Related Work- ‘music2vec: Generating Vector Embeddings for Genre-Classification Task’ is a paper that explores ways to represent music as vectors, which would be useful for our preprocessing. ‘Revisiting the problem of audio-based hit song prediction using convolutional neural networks’ is a paper that solves this problem for Taiwanese songs using a CNN https://medium.com/@rajatheb/music2vec-generating-vector-embedding-for-genre-classification-task-411187a20820 https://ieeexplore.ieee.org/document/7952230

Data- We want to look at recent hits from different genres so we will manually pick out songs from Youtube based on our ‘hit’ performance metric. We plan to use pytube to convert Youtube videos of the songs we want to train and test on into mp3 files. We will then need to encode the mp3 file data to vectors, which will be the biggest preprocessing task. We may also combine the encoded mp3 data of the songs with an encoded vector of each song’s lyrics, so we may need to scrape song lyrics from genius.com.

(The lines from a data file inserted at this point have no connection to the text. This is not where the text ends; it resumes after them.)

(* Let $\mathcal{X}\subseteq\mathbb{R}^d$ be nonempty, closed and convex, and let $f=\frac1n\sum_{i=1}^nf_i$ with each $f_i:\mathbb{R}^d\to\mathbb{R}$ convex and differentiable. Assume $x_\star\in\operatorname{arg\,min}_{x\in\mathcal{X}}f(x)$ exists and each $f_i$ has a constrained minimizer $x_{\star,i}\in\operatorname{arg\,min}_{x\in\mathcal{X}}f_i(x)$; let $f_i^\star:=f_i(x_{\star,i})$ and $D:=\max_{1\le i\le n}\|x_{\star,i}-x_\star\|$. Assume $\|\nabla f_i(x)\|\le G$ for all $i$ and all $x\in\mathcal{X}$. Let $x_0\in\mathcal{X}$ and generate $\{x_k\}$ by sampling $i_k$ uniformly from $\{1,\dots,n\}$ independently of the past, setting $g_{i_k}=\nabla f_{i_k}(x_k)$, $t_k:=\frac{f_{i_k}(x_k)-f_{i_k}^\star}{\|g_{i_k}\|}$ if $g_{i_k}\ne0$ and $t_k:=0$ if $g_{i_k}=0$, and $x_{k+1}\in\operatorname{arg\,min}_{z\in\mathcal{X}\cap\mathcal{B}(x_k,t_k)}\langle g_{i_k},z\rangle$. Then for every $\eta\in(0,1)$ and $K\ge1$, $$\frac1K\sum_{k=0}^{K-1}\mathbb{E}\big[(f(x_k)-f(x_\star))^2\big]\le\frac{G^2\|x_0-x_\star\|^2}{(1-\eta)K}+\frac{G^2D^2}{\eta(1-\eta)},$$ and for $\hat x_K:=\frac1K\sum_{k=0}^{K-1}x_k$, $\mathbb{E}[f(\hat x_K)-f(x_\star)]\le\sqrt{\frac{G^2\|x_0-x_\star\|^2}{(1-\eta)K}+\frac{G^2D^2}{\eta(1-\eta)}}$.
   Context: $\|\cdot\|$ is the Euclidean norm, $\mathcal{B}(x,t):=\{y:\|y-x\|\le t\}$. *)

theory Defs
  imports "HOL-Analysis.Analysis"
begin

text \<open>Index sequences i_0,...,i_{K-1} with each i_k in {0..<n} (indices shifted to start at 0).\<close>
definition index_seqs :: "nat \<Rightarrow> nat \<Rightarrow> nat list set" where
  "index_seqs n K = {is. set is \<subseteq> {..<n} \<and> length is = K}"

text \<open>Expectation w.r.t. i_0,...,i_{K-1} drawn i.i.d. uniformly from {0..<n}.\<close>
definition expect_seq :: "nat \<Rightarrow> nat \<Rightarrow> (nat list \<Rightarrow> real) \<Rightarrow> real" where
  "expect_seq n K h = (\<Sum>is\<in>index_seqs n K. h is) / real n ^ K"

definition step_size :: "('a::real_normed_vector \<Rightarrow> real) \<Rightarrow> real \<Rightarrow> 'a \<Rightarrow> 'a \<Rightarrow> real" where
  "step_size fi fistar g x = (if g = 0 then 0 else (fi x - fistar) / norm g)"

end

theory Submission
  imports Defs
begin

This will be a significant preprocessing task as well.

We plan to train the model by passing in an encoded vector of a song as the input, and a binary label that indicates whether the song constitutes our definition of a “hit”. We will train our model with an equal number of songs from a bunch of genres (hip-hop, R&B, rock, pop, jazz, country). Like sentences, songs are sequential, so it makes the most sense for us to use RNNs (likely LSTMs) as the layers in our neural network (similar to our ‘language Models’ project). On the other hand, it is often a song’s entire qualities that make it a hit (more than its sequential nature), so it might be worth using Transformers as the layers as well, and comparing the performance of the two networks.

Metric- An important part of this project will be constructing a metric that determines whether a song is a hit or not. We have not finalized on a specific metric yet, but it will likely be a combination of Spotify streams, time on Billboard charts and Youtube views. We plan to test our model with a lower number of songs compared to our training data, but with the same split of genres. Since we have a binary classification problem, we will be able to directly compute the accuracy of our model after training.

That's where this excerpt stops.